The strength of this study is the number of participating anaesthetists, which could reflect the real conditions regarding the factors assessed. However, its downside is the low representation of non-capital cities in the analysis. Although validated tools were not used for determining work satisfaction, it is expected that the questions asked will reflect this variable at least in a preliminary way.
Conclusions
Evidence was collected about a population of anaesthetists who practice mainly in capital cities because of financial reasons and standard of living. Although there is evidence of a growing number of anaesthetists trained abroad, most of them have a basic level of proficiency in the foreign language, this being quite notorious as relates to English, the main language for publication in medical science.

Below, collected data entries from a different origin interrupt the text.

(* Let $\Omega\subset\mathbb{R}^2_+$ be a bounded Lipschitz open set with $[-\varepsilon_0,\varepsilon_0]\times\{0\}\subset\partial\Omega$, let $\varepsilon\in(0,\varepsilon_0]$, $\lambda\in\mathbb R$, and let $u\in\mathcal Q_\varepsilon$ be a nontrivial weak solution of $-\Delta u=\lambda u$ in $\Omega$, $u=0$ on $\partial\Omega\setminus\Gamma_\varepsilon$, $\partial_\nu u=0$ on $\Gamma_\varepsilon$. Let $j_L,j_R$ be odd positive integers and $\beta_L,\beta_R\in\mathbb R\setminus\{0\}$ be such that, with $\boldsymbol\theta(t)=(\cos t,\sin t)$ and $\boldsymbol\tau(t)=(-\sin t,\cos t)$, as $\delta\to0^+$: $\delta^{-j_L/2}u((-\varepsilon,0)+\delta\boldsymbol\theta(t))\to\beta_L\cos(\frac{j_L}{2}t)$ and $\delta^{-j_R/2}u((\varepsilon,0)+\delta\boldsymbol\theta(t))\to\beta_R\sin(\frac{j_R}{2}t)$ in $C^{1,\sigma}([0,\pi])$, and $\delta^{-j_L/2+1}\nabla u((-\varepsilon,0)+\delta\boldsymbol\theta(t))\to\frac{j_L\beta_L}{2}\big(\cos(\frac{j_L}2t)\boldsymbol\theta(t)-\sin(\frac{j_L}2t)\boldsymbol\tau(t)\big)$, $\delta^{-j_R/2+1}\nabla u((\varepsilon,0)+\delta\boldsymbol\theta(t))\to\frac{j_R\beta_R}{2}\big(\sin(\frac{j_R}2t)\boldsymbol\theta(t)+\cos(\frac{j_R}2t)\boldsymbol\tau(t)\big)$ in $C^{0,\sigma}([0,\pi])$, for all $\sigma\in(0,1)$. Define $$M(\varepsilon,u,\lambda)=\lim_{\delta\to0^+}\int_{\mathbb{R}^2_+\cap\partial A^\varepsilon_\delta}\Big(\tfrac12|\nabla u|^2x\cdot\mathbf n-\frac{\partial u}{\partial\mathbf n}(x\cdot\nabla u)-\tfrac\lambda2u^2\,x\cdot\mathbf n\Big)ds,$$ where $A^\varepsilon_\delta=D^+_\delta(-\varepsilon,0)\cup D^+_\delta(\varepsilon,0)$ and $\mathbf n$ is the unit normal to $\partial A^\varepsilon_\delta$ pointing into $A^\varepsilon_\delta$. Then the limit exists and $$M(\varepsilon,u,\lambda)=\begin{cases}0,&j_L>1,\ j_R>1,\\-\varepsilon\frac\pi8\beta_L^2,&j_L=1,\ j_R>1,\\-\varepsilon\frac\pi8\beta_R^2,&j_L>1,\ j_R=1,\\-\varepsilon\frac\pi8(\beta_L^2+\beta_R^2),&j_L=j_R=1.\end{cases}$$ In particular $M(\varepsilon,u,\lambda)\le0$.
   Context: $\Gamma_\varepsilon=[-\varepsilon,\varepsilon]\times\{0\}$, $\mathcal Q_\varepsilon=\{u\in H^1(\Omega):\text{trace of }u=0\text{ on }\partial\Omega\setminus\Gamma_\varepsilon\}$. $D^+_\delta(a)=\{x\in\mathbb{R}^2:|x-a|<\delta,\ x_2>0\}$. The orientation of $\mathbf n$ is that of the exterior normal to the region $D^+_r\setminus A^\varepsilon_\delta$ (with $D^+_r$ the upper half-disk of radius $r>\varepsilon+\delta$ centered at $0$), i.e. on the half-circle $\{|x\mp(\varepsilon,0)|=\delta, x_2>0\}$ one has $\mathbf n=-(x\mp(\varepsilon,0))/\delta$. *)

theory Defs
  imports "HOL-Analysis.Analysis"
begin

type_synonym pt = "real \<times> real"

definition upper_half :: "pt set" where
  "upper_half = {x. snd x > 0}"

definition lipschitz_open_set :: "pt set \<Rightarrow> bool" where
  "lipschitz_open_set \<Omega> \<longleftrightarrow> open \<Omega> \<and> bounded \<Omega> \<and>
     (\<forall>p\<in>frontier \<Omega>. \<exists>(R::pt\<Rightarrow>pt) (a::real) (b::real) (L::real) (\<gamma>::real\<Rightarrow>real). orthogonal_transformation R \<and> 0 < a \<and> 0 < b \<and>
        L-lipschitz_on UNIV \<gamma> \<and> \<gamma> 0 = 0 \<and> (\<forall>s. \<bar>s\<bar> < a \<longrightarrow> \<bar>\<gamma> s\<bar> < b) \<and>
        (\<forall>y1 y2. \<bar>y1\<bar> < a \<and> \<bar>y2\<bar> < b \<longrightarrow> (p + R (y1, y2) \<in> \<Omega> \<longleftrightarrow> y2 > \<gamma> y1)))"

definition Gamma :: "real \<Rightarrow> pt set" where
  "Gamma \<epsilon> = {(s, 0) | s. \<bar>s\<bar> \<le> \<epsilon>}"

definition L2_on :: "pt set \<Rightarrow> (pt \<Rightarrow> 'a::euclidean_space) \<Rightarrow> bool" where
  "L2_on \<Omega> f \<longleftrightarrow> f \<in> borel_measurable (lebesgue_on \<Omega>) \<and>
     integrable (lebesgue_on \<Omega>) (\<lambda>x. (norm (f x))\<^sup>2)"

definition C1c_in :: "pt set \<Rightarrow> (pt \<Rightarrow> real) \<Rightarrow> (pt \<Rightarrow> pt) \<Rightarrow> bool" where
  "C1c_in S \<phi> D \<longleftrightarrow> (\<forall>x. (\<phi> has_derivative (\<lambda>h. D x \<bullet> h)) (at x)) \<and> continuous_on UNIV D \<and>
     compact (closure {x. \<phi> x \<noteq> 0}) \<and> closure {x. \<phi> x \<noteq> 0} \<subseteq> S"

definition weak_gradient :: "pt set \<Rightarrow> (pt \<Rightarrow> real) \<Rightarrow> (pt \<Rightarrow> pt) \<Rightarrow> bool" where
  "weak_gradient \<Omega> u g \<longleftrightarrow> (\<forall>\<phi> D. C1c_in \<Omega> \<phi> D \<longrightarrow>
     (LINT x|lebesgue_on \<Omega>. u x *\<^sub>R D x) = - (LINT x|lebesgue_on \<Omega>. \<phi> x *\<^sub>R g x))"

definition H1 :: "pt set \<Rightarrow> (pt \<Rightarrow> real) \<Rightarrow> (pt \<Rightarrow> pt) \<Rightarrow> bool" where
  "H1 \<Omega> u g \<longleftrightarrow> L2_on \<Omega> u \<and> L2_on \<Omega> g \<and> weak_gradient \<Omega> u g"

text \<open>The space Q_eps: H^1(\<Omega>) functions whose trace vanishes on the boundary minus
  Gamma_eps, described as the H^1(\<Omega>)-closure of restrictions of compactly supported
  C^1 functions whose support avoids the closure of (frontier \<Omega> - Gamma_eps).\<close>
definition Q_space :: "pt set \<Rightarrow> real \<Rightarrow> (pt \<Rightarrow> real) \<Rightarrow> (pt \<Rightarrow> pt) \<Rightarrow> bool" where
  "Q_space \<Omega> \<epsilon> v gv \<longleftrightarrow> H1 \<Omega> v gv \<and>
     (\<exists>\<phi> D. (\<forall>n. C1c_in (- closure (frontier \<Omega> - Gamma \<epsilon>)) (\<phi> n) (D n)) \<and>
        (\<lambda>n. LINT x|lebesgue_on \<Omega>. (v x - \<phi> n x)\<^sup>2 + (norm (gv x - D n x))\<^sup>2) \<longlonglongrightarrow> 0)"

text \<open>u (with weak gradient g) in Q_eps is a weak solution of -Laplace u = lambda u with
  u = 0 on boundary minus Gamma_eps and zero Neumann data on Gamma_eps.\<close>
definition weak_eigenfunction :: "pt set \<Rightarrow> real \<Rightarrow> real \<Rightarrow> (pt \<Rightarrow> real) \<Rightarrow> (pt \<Rightarrow> pt) \<Rightarrow> bool" where
  "weak_eigenfunction \<Omega> \<epsilon> lam u g \<longleftrightarrow> Q_space \<Omega> \<epsilon> u g \<and>
     (\<forall>v gv. Q_space \<Omega> \<epsilon> v gv \<longrightarrow>
        (LINT x|lebesgue_on \<Omega>. g x \<bullet> gv x) = lam * (LINT x|lebesgue_on \<Omega>. u x * v x))"

definition C0_holder_conv :: "real set \<Rightarrow> real \<Rightarrow> (real \<Rightarrow> real \<Rightarrow> 'a::real_normed_vector)
    \<Rightarrow> (real \<Rightarrow> 'a) \<Rightarrow> real filter \<Rightarrow> bool" where
  "C0_holder_conv S \<sigma> F f flt \<longleftrightarrow> (\<forall>e>0. \<forall>\<^sub>F \<delta> in flt.
     (\<forall>t\<in>S. norm (F \<delta> t - f t) \<le> e) \<and>
     (\<forall>s\<in>S. \<forall>t\<in>S. norm ((F \<delta> s - f s) - (F \<delta> t - f t)) \<le> e * \<bar>s - t\<bar> powr \<sigma>))"

definition C1_holder_conv :: "real set \<Rightarrow> real \<Rightarrow> (real \<Rightarrow> real \<Rightarrow> real)
    \<Rightarrow> (real \<Rightarrow> real) \<Rightarrow> real filter \<Rightarrow> bool" where
  "C1_holder_conv S \<sigma> F f flt \<longleftrightarrow> (\<exists>F' f'.
     (\<forall>t\<in>S. (f has_real_derivative f' t) (at t within S)) \<and>
     (\<forall>\<^sub>F \<delta> in flt. \<forall>t\<in>S. (F \<delta> has_real_derivative F' \<delta> t) (at t within S)) \<and>
     C0_holder_conv S \<sigma> F f flt \<and> C0_holder_conv S \<sigma> F' f' flt)"

definition theta :: "real \<Rightarrow> pt" where "theta t = (cos t, sin t)"
definition tau :: "real \<Rightarrow> pt" where "tau t = (- sin t, cos t)"

text \<open>Integral over R^2_+ \<inter> \<partial>A^eps_delta (for 0 < delta < eps: two open half-circles
  of radius delta centred at (-eps,0),(eps,0)), w.r.t. arc length, of the Pohozaev
  integrand, with n the unit normal pointing into A (n = -theta(t)).\<close>
definition pohozaev_integrand :: "real \<Rightarrow> (pt \<Rightarrow> real) \<Rightarrow> (pt \<Rightarrow> pt) \<Rightarrow> pt \<Rightarrow> pt \<Rightarrow> real" where
  "pohozaev_integrand lam u g x n =
     1/2 * (norm (g x))\<^sup>2 * (x \<bullet> n) - (g x \<bullet> n) * (x \<bullet> g x) - lam/2 * (u x)\<^sup>2 * (x \<bullet> n)"

definition half_circle_int :: "real \<Rightarrow> (pt \<Rightarrow> real) \<Rightarrow> (pt \<Rightarrow> pt) \<Rightarrow> pt \<Rightarrow> real \<Rightarrow> real" where
  "half_circle_int lam u g c \<delta> =
     integral {0..pi} (\<lambda>t. pohozaev_integrand lam u g (c + \<delta> *\<^sub>R theta t) (- theta t) * \<delta>)"

definition M_delta :: "real \<Rightarrow> real \<Rightarrow> (pt \<Rightarrow> real) \<Rightarrow> (pt \<Rightarrow> pt) \<Rightarrow> real \<Rightarrow> real" where
  "M_delta \<epsilon> lam u g \<delta> = half_circle_int lam u g (- \<epsilon>, 0) \<delta> + half_circle_int lam u g (\<epsilon>, 0) \<delta>"

end

theory Submission
  imports Defs
begin

text \<open>Near a tip where u grows like \<delta>^(j/2), the Pohozaev integrand on the half-circle of radius
  \<delta>, times the arc-length factor \<delta>, equals \<delta>^(j-1) times an expression in the blow-up profiles
  of u and \<nabla>u. Hoelder convergence of the profiles gives uniform convergence, so the half-circle
  integral tends to 0 when j > 1. When j = 1 the limiting gradient profile is (\<beta>/2) \<theta>(t/2) at
  the left tip and (\<beta>/2) \<tau>(t/2) at the right tip, and the limiting integrand is the constant
  -\<epsilon> \<beta>^2/8 on [0, \<pi>]; each tip with j = 1 thus contributes -\<epsilon> \<pi> \<beta>^2/8.\<close>

lemma C0_holder_conv_imp_uniform_limit:
  assumes "C0_holder_conv S \<sigma> F f flt"
  shows "uniform_limit S F f flt"
proof (rule uniform_limitI)
  fix e :: real assume "e > 0"
  then have "\<forall>\<^sub>F \<delta> in flt. \<forall>t\<in>S. norm (F \<delta> t - f t) \<le> e/2"
    using assms unfolding C0_holder_conv_def by (auto elim!: allE[of _ "e/2"] eventually_mono)
  then show "\<forall>\<^sub>F \<delta> in flt. \<forall>t\<in>S. dist (F \<delta> t) (f t) < e"
    by eventually_elim (use \<open>e > 0\<close> in \<open>auto simp: dist_norm intro: le_less_trans\<close>)
qed

lemma holder_continuous_on:
  fixes h :: "real \<Rightarrow> 'a::real_normed_vector"
  assumes "0 < \<sigma>" and "\<forall>s\<in>S. \<forall>t\<in>S. norm (h s - h t) \<le> C * \<bar>s - t\<bar> powr \<sigma>"
  shows "continuous_on S h"
  unfolding continuous_on_iff
proof (intro ballI allI impI)
  fix x e assume x: "x \<in> S" and e: "(0::real) < e"
  define C' where "C' = max C 1"
  have C': "C' > 0" "C \<le> C'" by (auto simp: C'_def)
  show "\<exists>d>0. \<forall>y\<in>S. dist y x < d \<longrightarrow> dist (h y) (h x) < e"
  proof (intro exI[of _ "(e / C') powr (1 / \<sigma>)"] conjI ballI impI)
    show "0 < (e / C') powr (1 / \<sigma>)" using e C' by simp
    fix y assume y: "y \<in> S" and d: "dist y x < (e / C') powr (1 / \<sigma>)"
    have "dist (h y) (h x) \<le> C' * \<bar>y - x\<bar> powr \<sigma>"
    proof -
      have "norm (h y - h x) \<le> C * \<bar>y - x\<bar> powr \<sigma>" using assms(2) x y by blast
      also have "\<dots> \<le> C' * \<bar>y - x\<bar> powr \<sigma>" using C'(2) by (intro mult_right_mono) auto
      finally show ?thesis by (simp add: dist_norm)
    qed
    also have "\<bar>y - x\<bar> powr \<sigma> < ((e / C') powr (1 / \<sigma>)) powr \<sigma>"
      using d assms(1) by (intro powr_less_mono2) (auto simp: dist_real_def)
    also have "((e / C') powr (1 / \<sigma>)) powr \<sigma> = e / C'"
      using assms(1) e C' by (simp add: powr_powr)
    finally show "dist (h y) (h x) < e" using C' by (simp add: mult_less_cancel_left_pos)
  qed
qed

lemma C0_holder_conv_imp_eventually_continuous_on:
  fixes F :: "real \<Rightarrow> real \<Rightarrow> 'a::real_normed_vector"
  assumes "C0_holder_conv S \<sigma> F f flt" and "0 < \<sigma>" and "continuous_on S f"
  shows "\<forall>\<^sub>F \<delta> in flt. continuous_on S (F \<delta>)"
proof -
  have "\<forall>\<^sub>F \<delta> in flt. \<forall>s\<in>S. \<forall>t\<in>S. norm ((F \<delta> s - f s) - (F \<delta> t - f t)) \<le> 1 * \<bar>s - t\<bar> powr \<sigma>"
    using assms(1) unfolding C0_holder_conv_def by (auto elim!: allE[of _ 1] eventually_mono)
  then show ?thesis
  proof eventually_elim
    case (elim \<delta>)
    then have "continuous_on S (\<lambda>t. (F \<delta> t - f t) + f t)"
      by (intro continuous_on_add holder_continuous_on[OF assms(2)] assms(3))
    then show ?case by simp
  qed
qed
(* Let $\underline{\mathbb{G}}=(\mathbb{G},\mathcal{V},\omega_{\mathcal{V}},\mathcal{F},\omega_{\mathcal{F}})$ be a packaged ribbon graph and $e$ an edge of $\mathbb{G}$. Then \[\boldsymbol{T}(\underline{\mathbb{G}};\boldsymbol{x},\boldsymbol{y}) = x^{2-\eta(e)}\boldsymbol{T}(\underline{\mathbb{G}}\backslash e;\boldsymbol{x},\boldsymbol{y})+y^{2-\mu(e)}\boldsymbol{T}(\underline{\mathbb{G}}/e;\boldsymbol{x},\boldsymbol{y}).\] If $\mathbb{G}$ has no edges, then \[\boldsymbol{T}(\underline{\mathbb{G}};\boldsymbol{x},\boldsymbol{y})=\prod_{[f]\in \mathcal{F}} x_{(1- |[f]| +\omega_{\mathcal{F}}([f]))/2} \prod_{[v]\in\mathcal{V}} y_{(1-|[v]| +\omega_{\mathcal{V}}([v]))/2},\] where $|[a]|$ is the number of elements of the block $[a]$.
   Context: All ribbon graphs are orientable. A ribbon graph $\mathbb{G}=(V,E)$ is an orientable surface with boundary formed as a union of discs $V$ (vertices) and discs $E$ (edges) such that vertices and edges meet in disjoint arcs, each arc lies on the boundary of exactly one vertex and one edge, and each edge contains exactly two such arcs. For a ribbon graph, $v,e,f,k$ denote numbers of vertices, edges, boundary components, components. For a graph, $v,e,k$ are numbers of vertices, edges, components, and nullity $n=e-v+k$. $\mathbb{G}\backslash e$ removes edge $e$; $\mathbb{G}|A$ (for $A\subseteq E$) is the spanning ribbon subgraph with edge set $A$; $A^c=E\setminus A$. $\mathbb{G}/e$ (contraction) is obtained by taking the boundary curve(s) of $e\cup u\cup v$ ($u,v$ the ends of $e$), attaching a disc to each curve as a new vertex, and removing $e,u,v$. The dual $\mathbb{G}^*$ is obtained by capping each boundary component of $\mathbb{G}$ with a disc; these discs are the vertices of $\mathbb{G}^*$ and the edges are those of $\mathbb{G}$; so vertices of $\mathbb{G}^*$ are identified with boundary components of $\mathbb{G}$ and vice versa. A packaged ribbon graph is a tuple $\underline{\mathbb{G}}=(\mathbb{G},\mathcal{V},\omega_{\mathcal{V}},\mathcal{F},\omega_{\mathcal{F}})$ where $\mathbb{G}=(V,E)$ is a ribbon graph with set of boundary components $F$, $\mathcal{V}$ a partition of $V$, $\mathcal{F}$ a partition of $F$, and $\omega_{\mathcal{V}}:\mathcal{V}\to\mathbb{N}_0$, $\omega_{\mathcal{F}}:\mathcal{F}\to\mathbb{N}_0$ weightings; $[v]$, $[f]$ denote blocks. For an edge $e$, $\eta(e)$ is the number of blocks of $\mathcal{F}$ containing a boundary component meeting $e$, and $\mu(e)$ is the number of blocks of $\mathcal{V}$ containing a vertex incident with $e$ (each is 1 or 2). Deletion $\underline{\mathbb{G}}\backslash e$: ribbon graph $\mathbb{G}\backslash e$, $\mathcal{V},\omega_{\mathcal{V}}$ unchanged, boundary components not meeting $e$ keep blocks/weights. (i) If $e$ meets a single boundary component $f$, deletion creates $f',g'$ replacing $f$; $[f]$ becomes $([f]\setminus\{f\})\cup\{f',g'\}$ with weight $\omega_{\mathcal{F}}([f])+1$. (ii) If $e$ meets $f\neq g$ with $[f]=[g]$, deletion creates one component $f'$; block becomes $([f]\setminus\{f,g\})\cup\{f'\}$ with weight $\omega_{\mathcal{F}}([f])+1$. (iii) If $e$ meets $f\neq g$ with $[f]\ne[g]$, the blocks $[f],[g]$ are replaced by $([f]\cup[g]\setminus\{f,g\})\cup\{f'\}$ with weight $\omega_{\mathcal{F}}([f])+\omega_{\mathcal{F}}([g])$. Contraction $\underline{\mathbb{G}}/e$: ribbon graph $\mathbb{G}/e$, $\mathcal{F},\omega_{\mathcal{F}}$ transported via the natural correspondence of boundary components. (i) If $e$ is a loop at $u$, contraction creates two vertices $u',v'$ replacing $u$; $[u]$ becomes $([u]\setminus\{u\})\cup\{u',v'\}$ with weight $\omega_{\mathcal{V}}([u])+1$. (ii) If $e$ has ends $u\neq v$ with $[u]=[v]$, merged vertex $u'$; block becomes $([u]\setminus\{u,v\})\cup\{u'\}$ with weight $\omega_{\mathcal{V}}([u])+1$. (iii) If $[u]\neq[v]$, blocks $[u],[v]$ replaced by $([u]\cup[v]\setminus\{u,v\})\cup\{u'\}$ with weight $\omega_{\mathcal{V}}([u])+\omega_{\mathcal{V}}([v])$. Other blocks/weights unchanged in all cases. Packaging: for a ribbon graph $\mathbb{H}$ with a partition $\mathcal{P}$ of its vertex set and block weights $\omega$, $G(\mathbb{H};\mathcal{P})$ is the graph with vertex set $\mathcal{P}$ and one edge $([u],[v])$ for each edge $(u,v)$ of $\mathbb{H}$ (loops and multiple edges allowed), vertices weighted by $\omega$. For a subgraph $K$ of $G(\mathbb{H};\mathcal{P})$, $\mathbb{H}[K]$ is the ribbon subgraph of $\mathbb{H}$ whose vertices are all vertices of $\mathbb{H}$ lying in blocks that are vertices of $K$ and whose edges are those corresponding to edges of $K$; $f(\mathbb{H}[K])$ is its number of boundary components; $\omega(K)=\sum_{[v]\in V(K)}\omega([v])$. Here $G(\mathbb{G}|A;\mathcal{V})$ uses $\mathcal{V},\omega_{\mathcal{V}}$, and $G(\mathbb{G}^*|A^c;\mathcal{F})$ uses $\mathcal{F},\omega_{\mathcal{F}}$ as a partition (with weights) of the vertex set of $\mathbb{G}^*$. The packaged surface Tutte polynomial, with variables $\boldsymbol{x}=(x,x_0,x_{1/2},x_1,\dots)$, $\boldsymbol{y}=(y,y_0,y_{1/2},y_1,\dots)$, is \[\boldsymbol{T}(\underline{\mathbb{G}};\boldsymbol{x},\boldsymbol{y})= \sum_{A\subseteq E} x^{n(G(\mathbb{G}^*|A^c;\mathcal{F}))}y^{n(G(\mathbb{G}|A;\mathcal{V}))}\prod_{H \text{ cpt. of } G(\mathbb{G}^*|A^c;\mathcal{F})}x_{g(\mathbb{G}^*,H)}\prod_{K \text{ cpt. of } G(\mathbb{G}|A;\mathcal{V})}y_{g(\mathbb{G},K)},\] where $g(\mathbb{G},K)=\tfrac12(2k(K)+e(K)-v(K)+\omega_{\mathcal{V}}(K)-f(\mathbb{G}[K]))$ and $g(\mathbb{G}^*,H)=\tfrac12(2k(H)+e(H)-v(H)+\omega_{\mathcal{F}}(H)-f(\mathbb{G}^*[H]))$. *)

theory Defs
  imports "HOL-Combinatorics.Permutations"
begin

(* Orientable ribbon graphs are encoded as combinatorial maps (rotation systems).
   darts : finite set of darts (half-edges);
   sig   : vertex rotation (permutation of darts), vertices = sig-orbits;
   alp   : edge involution, edges = alp-orbits {x, alp x} of size 2;
   faces (boundary components) = orbits of sig o alp.
   An isolated vertex (no incident edge) is encoded by a "marker" dart m with
   alp m = m and sig m = m: it forms one vertex and one boundary component.
   The partition V of vertices is encoded by a labelling vlab of darts that is
   constant on vertices (blocks = label values), with block weights wV;
   likewise the partition F of boundary components by flab (constant on faces)
   and weights wF. *)

record ('d, 'b, 'c) pmap =
  darts :: "'d set"
  sig   :: "'d \<Rightarrow> 'd"
  alp   :: "'d \<Rightarrow> 'd"
  vlab  :: "'d \<Rightarrow> 'b"
  flab  :: "'d \<Rightarrow> 'c"
  wV    :: "'b \<Rightarrow> nat"
  wF    :: "'c \<Rightarrow> nat"

definition phi :: "('d, 'b, 'c) pmap \<Rightarrow> 'd \<Rightarrow> 'd" where
  "phi P = sig P \<circ> alp P"

definition packaged_ribbon_graph :: "('d, 'b, 'c) pmap \<Rightarrow> bool" where
  "packaged_ribbon_graph P \<longleftrightarrow>
     finite (darts P) \<and> (sig P permutes darts P) \<and> (alp P permutes darts P) \<and>
     (\<forall>x\<in>darts P. alp P (alp P x) = x) \<and>
     (\<forall>x\<in>darts P. alp P x = x \<longrightarrow> sig P x = x) \<and>
     (\<forall>x\<in>darts P. vlab P (sig P x) = vlab P x) \<and>
     (\<forall>x\<in>darts P. flab P (phi P x) = flab P x)"

definition orb :: "('d \<Rightarrow> 'd) \<Rightarrow> 'd \<Rightarrow> 'd set" where
  "orb f x = range (\<lambda>n. (f ^^ n) x)"

definition orbits :: "('d \<Rightarrow> 'd) \<Rightarrow> 'd set \<Rightarrow> 'd set set" where
  "orbits f S = orb f ` S"

definition edges :: "('d, 'b, 'c) pmap \<Rightarrow> 'd set set" where
  "edges P = {{x, alp P x} | x. x \<in> darts P \<and> alp P x \<noteq> x}"

definition vertices :: "('d, 'b, 'c) pmap \<Rightarrow> 'd set set" where
  "vertices P = orbits (sig P) (darts P)"

definition faces :: "('d, 'b, 'c) pmap \<Rightarrow> 'd set set" where
  "faces P = orbits (phi P) (darts P)"

definition eta :: "('d, 'b, 'c) pmap \<Rightarrow> 'd \<Rightarrow> nat" where
  "eta P d = card {flab P d, flab P (alp P d)}"

definition mu :: "('d, 'b, 'c) pmap \<Rightarrow> 'd \<Rightarrow> nat" where
  "mu P d = card {vlab P d, vlab P (alp P d)}"

definition skip :: "('d \<Rightarrow> 'd) \<Rightarrow> 'd \<Rightarrow> 'd \<Rightarrow> 'd \<Rightarrow> 'd" where
  "skip p d d' x =
     (if p x \<notin> {d, d'} then p x
      else if p (p x) \<notin> {d, d'} then p (p x) else p (p (p x)))"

Work overload was identified among anaesthetists, with a significant or high risk of burnout. However, the reason for work overload might be the need for higher income for which a price is paid in terms of individual health. This is also related with the fact that although the majority of the anaesthetists were highly satisfied with the practice of their specialty, their level of satisfaction with hiring and compensation systems was low.
If the health needs of the population are to be met, healthcare human resources must be afforded optimal working conditions. These results deserve in-depth analysis and require a reflection on the situation of anaesthetists in order to take the relevant steps to improve the wellbeing and quality of life of Colombian anaesthetists.
Ethical responsibility
Protection of human beings and animals. The authors declare that no human or animal experiments were performed as part of this research.
Data confidentiality. The authors declare that the protocols of their place of work regarding patient data disclosure have been followed.
Right to privacy and informed consent. The authors declare that this article does not contain information that may allow identification of the participants.